After his lengthy digressions of railways, on Prometheus, and on the new society to be reconstituted on "constituted value", M. Proudhon collects himself; emotion overpowers him and he cried in fatherly tones:
"I beseech the economists to ask themselves for one moment, in the silence of their hearts -- far from the prejudices that trouble them and regardless of the employment they are engaged in or hope to obtain, of the interests they subserve, or the approbation to which they aspire, of the honors which nurse their vanity -- let them say whether before this day the principle that all labor must leave a surplus appeared to them with this chain of premises and consequences that we have revealed."[I 80]
NOTES
[1] References to quotations from works by English authors are to the edition which Marx himself used.
[2] NOTE by Engels to 1885 German edition: Ricardo, as is well known, determines the value of a commodity by the quantity of labor necessary for its production.

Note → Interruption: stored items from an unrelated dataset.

(* Let $\mathbb{K}\in\{\mathbb{R},\mathbb{C}\}$, $\star\in\{*,T\}$, $\epsilon_1,\epsilon_2\in\{1,-1\}$, and let $Q(\lambda)=\lambda^2M+\lambda D+K\in\mathbb{K}^{n\times n}[\lambda]$ satisfy $M^\star=\epsilon_1M$, $D^\star=\epsilon_2D$, $K^\star=\epsilon_1K$. Let $(X,\Lambda)\in\mathbb{K}^{n\times p}\times\mathbb{K}^{p\times p}$ be an invariant pair of $Q(\lambda)$ and $S:=X^\star MX\Lambda+\epsilon_1\epsilon_2\Lambda^\star X^\star MX+X^\star DX$. Then $S^\star=\epsilon_2S$ and $S\Lambda=\epsilon_1\epsilon_2\Lambda^\star S=\epsilon_1(S\Lambda)^\star$.
   Context: For a matrix $A$, $A^*$ is the conjugate transpose and $A^T$ the transpose; $A^\star$ means $A^*$ if $\star=*$ and $A^T$ if $\star=T$. A pair $(X,\Lambda)$ is an invariant pair of $Q(\lambda)$ if $MX\Lambda^2+DX\Lambda+KX=0$. *)

theory Defs
  imports "Jordan_Normal_Form.Matrix" "Jordan_Normal_Form.Conjugate"
begin

datatype star_op = Star | Tr

definition star_mat :: "star_op \<Rightarrow> 'a::conjugatable_field mat \<Rightarrow> 'a mat" where
  "star_mat s A = (case s of Star \<Rightarrow> transpose_mat (map_mat conjugate A)
                           | Tr \<Rightarrow> transpose_mat A)"

definition invariant_pair :: "'a::field mat \<Rightarrow> 'a mat \<Rightarrow> 'a mat \<Rightarrow> 'a mat \<Rightarrow> 'a mat \<Rightarrow> bool" where
  "invariant_pair M D K X L \<longleftrightarrow> M * X * L * L + D * X * L + K * X = 0\<^sub>m (dim_row M) (dim_col L)"

definition S_mat :: "star_op \<Rightarrow> 'a::conjugatable_field \<Rightarrow> 'a \<Rightarrow> 'a mat \<Rightarrow> 'a mat \<Rightarrow> 'a mat \<Rightarrow> 'a mat \<Rightarrow> 'a mat" where
  "S_mat s e1 e2 M D X L =
     star_mat s X * M * X * L + (e1 * e2) \<cdot>\<^sub>m (star_mat s L * star_mat s X * M * X) + star_mat s X * D * X"

end

theory Submission
  imports Defs
begin

(* Compress by X: the p x p matrices A = X^* M X, B = X^* D X, C = X^* K X inherit the
   symmetries of M, D, K, and S = A L + e1 e2 L^* A + B.  Multiplying the invariant-pair
   equation by X^* gives A L^2 + B L + C = 0; applying the involution to it and multiplying
   by e1 gives L^* L^* A + e1 e2 L^* B + C = 0.  Hence S L and e1 e2 L^* S both equal
   e1 e2 L^* A L - C.  The symmetry S^* = e2 S is a direct computation, and then
   (S L)^* = L^* S^* = e2 L^* S yields the last identity. *)

lemma conjugate_one [simp]: "conjugate (1::'a::conjugatable_field) = 1"
  using conjugate_dist_mul[of 1 "conjugate (1::'a)"] by simp

lemma conjugate_sign: "e \<in> {1, -1} \<Longrightarrow> conjugate (e::'a::conjugatable_field) = e"
  by (auto simp: conjugate_neg)

lemma smult_smult_mat: "a \<cdot>\<^sub>m (b \<cdot>\<^sub>m A) = (a * b :: 'a::semigroup_mult) \<cdot>\<^sub>m A"
  by (rule eq_matI) (auto simp: mult.assoc)

(* Unlike mult_carrier_mat, this has no dimension hidden in its premises, so simp can use it. *)
lemma mult_carrier_square: "A \<in> carrier_mat n n \<Longrightarrow> B \<in> carrier_mat n n \<Longrightarrow> A * B \<in> carrier_mat n n"
  by simp

lemma star_mat_carrier [simp]: "A \<in> carrier_mat n m \<Longrightarrow> star_mat s A \<in> carrier_mat m n"
  by (cases s) (auto simp: star_mat_def)

lemma dim_star_mat [simp]:
  "dim_row (star_mat s A) = dim_col A" "dim_col (star_mat s A) = dim_row A"
  by (cases s; simp add: star_mat_def)+

lemma star_mat_star_mat [simp]: "star_mat s (star_mat s A) = A"
  by (cases s; rule eq_matI) (auto simp: star_mat_def)

lemma star_mat_zero [simp]: "star_mat s (0\<^sub>m n m) = 0\<^sub>m m n"
  by (cases s; rule eq_matI) (auto simp: star_mat_def)

lemma star_mat_add:
  "A \<in> carrier_mat n m \<Longrightarrow> B \<in> carrier_mat n m \<Longrightarrow> star_mat s (A + B) = star_mat s A + star_mat s B"
  by (cases s; rule eq_matI) (auto simp: star_mat_def conjugate_dist_add)

lemma star_mat_smult: "conjugate c = c \<Longrightarrow> star_mat s (c \<cdot>\<^sub>m A) = c \<cdot>\<^sub>m star_mat s A"
  by (cases s; rule eq_matI) (auto simp: star_mat_def conjugate_dist_mul)

lemma star_mat_mult:
  assumes "A \<in> carrier_mat n m" "B \<in> carrier_mat m k"
  shows "star_mat s (A * B) = star_mat s B * star_mat s A"
proof (cases s)
  case Star
  show ?thesis unfolding Star star_mat_def
    by (rule eq_matI) (use assms in \<open>auto simp: scalar_prod_def sum_conjugate conjugate_dist_mul
        mult.commute intro!: sum.cong\<close>)
next
  case Tr
  show ?thesis unfolding Tr star_mat_def using assms by (simp add: transpose_mult)
qed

Owing, however, to the prevailing form of exchange in every mode of production based on production of commodities, including therefore the capitalist mode of production, this value is not expressed directly in quantities of labor but in quantities of some other commodity. The value of a commodity expressed in a quantity of some other commodity (whether money or not) is termed by Ricardo its relative value.
[3] NOTE by Engels to the 1885 German edition: The thesis that the "natural", i.e., normal, price of labor power coincides with the wage minimum, i.e., with the equivalent in value of the means of subsistence absolutely indispensable for the life and procreation of the worker, was first put forward by me in Sketches for a Critique of Political Economy (Deutsch-Franzosische Jahrbucher [Franco-German Annual], Paris 1844) and in The Condition of the Working Class in England in 1844 . As seen here, Marx at that time excepted the thesis. Lassalle took it over from both of us. Although, however, in reality wages have a constant tendency to approach the minimum, the above thesis is nevertheless incorrect. The fact that labor is regularly and on the average paid below its value cannot alter its value. In Capital , Marx has put the above thesis right (Section on Buying and Selling Labor of Power) and also (Chapter 25: The General Law of Capitalist Accumulation) analyzed the circumstances which permit capitalist production to depress the price of labor power more and more below its value.
[4] In the copy Marx presented to N. Utina in 1876 after this word "labor" Marx adds "labor power"; this addition is found in the 1896 French edition.
[5] BACKGROUND NOTE: The Ten Hours'
Bill, which applied only to women and children, was passed by the British Parliament on June 8, 1847. Many manufacturers, however, ignored the law in practice.
[6] NOTE by Marx: Mr. Bray's theory, like all theories, has found supporters who have allowed themselves to be deluded by appearances. Equitable labor-exchange bazaars have been set up in London, Sheffield, Leeds and many other towns in England. These bazaars have all ended in scandalous failures after having absorbed considerable capital. The taste for them has gone for ever. You are warned, M. Proudhon!
NOTE by Engels to the 1885 German edition: It is known that Proudhon did not take this warning to heart. In 1849 he himself made an attempt with a new Exchange Bank in Paris. The bank, however, failed before it had got going properly: a court case against Proudhon had to serve to cover its collapse.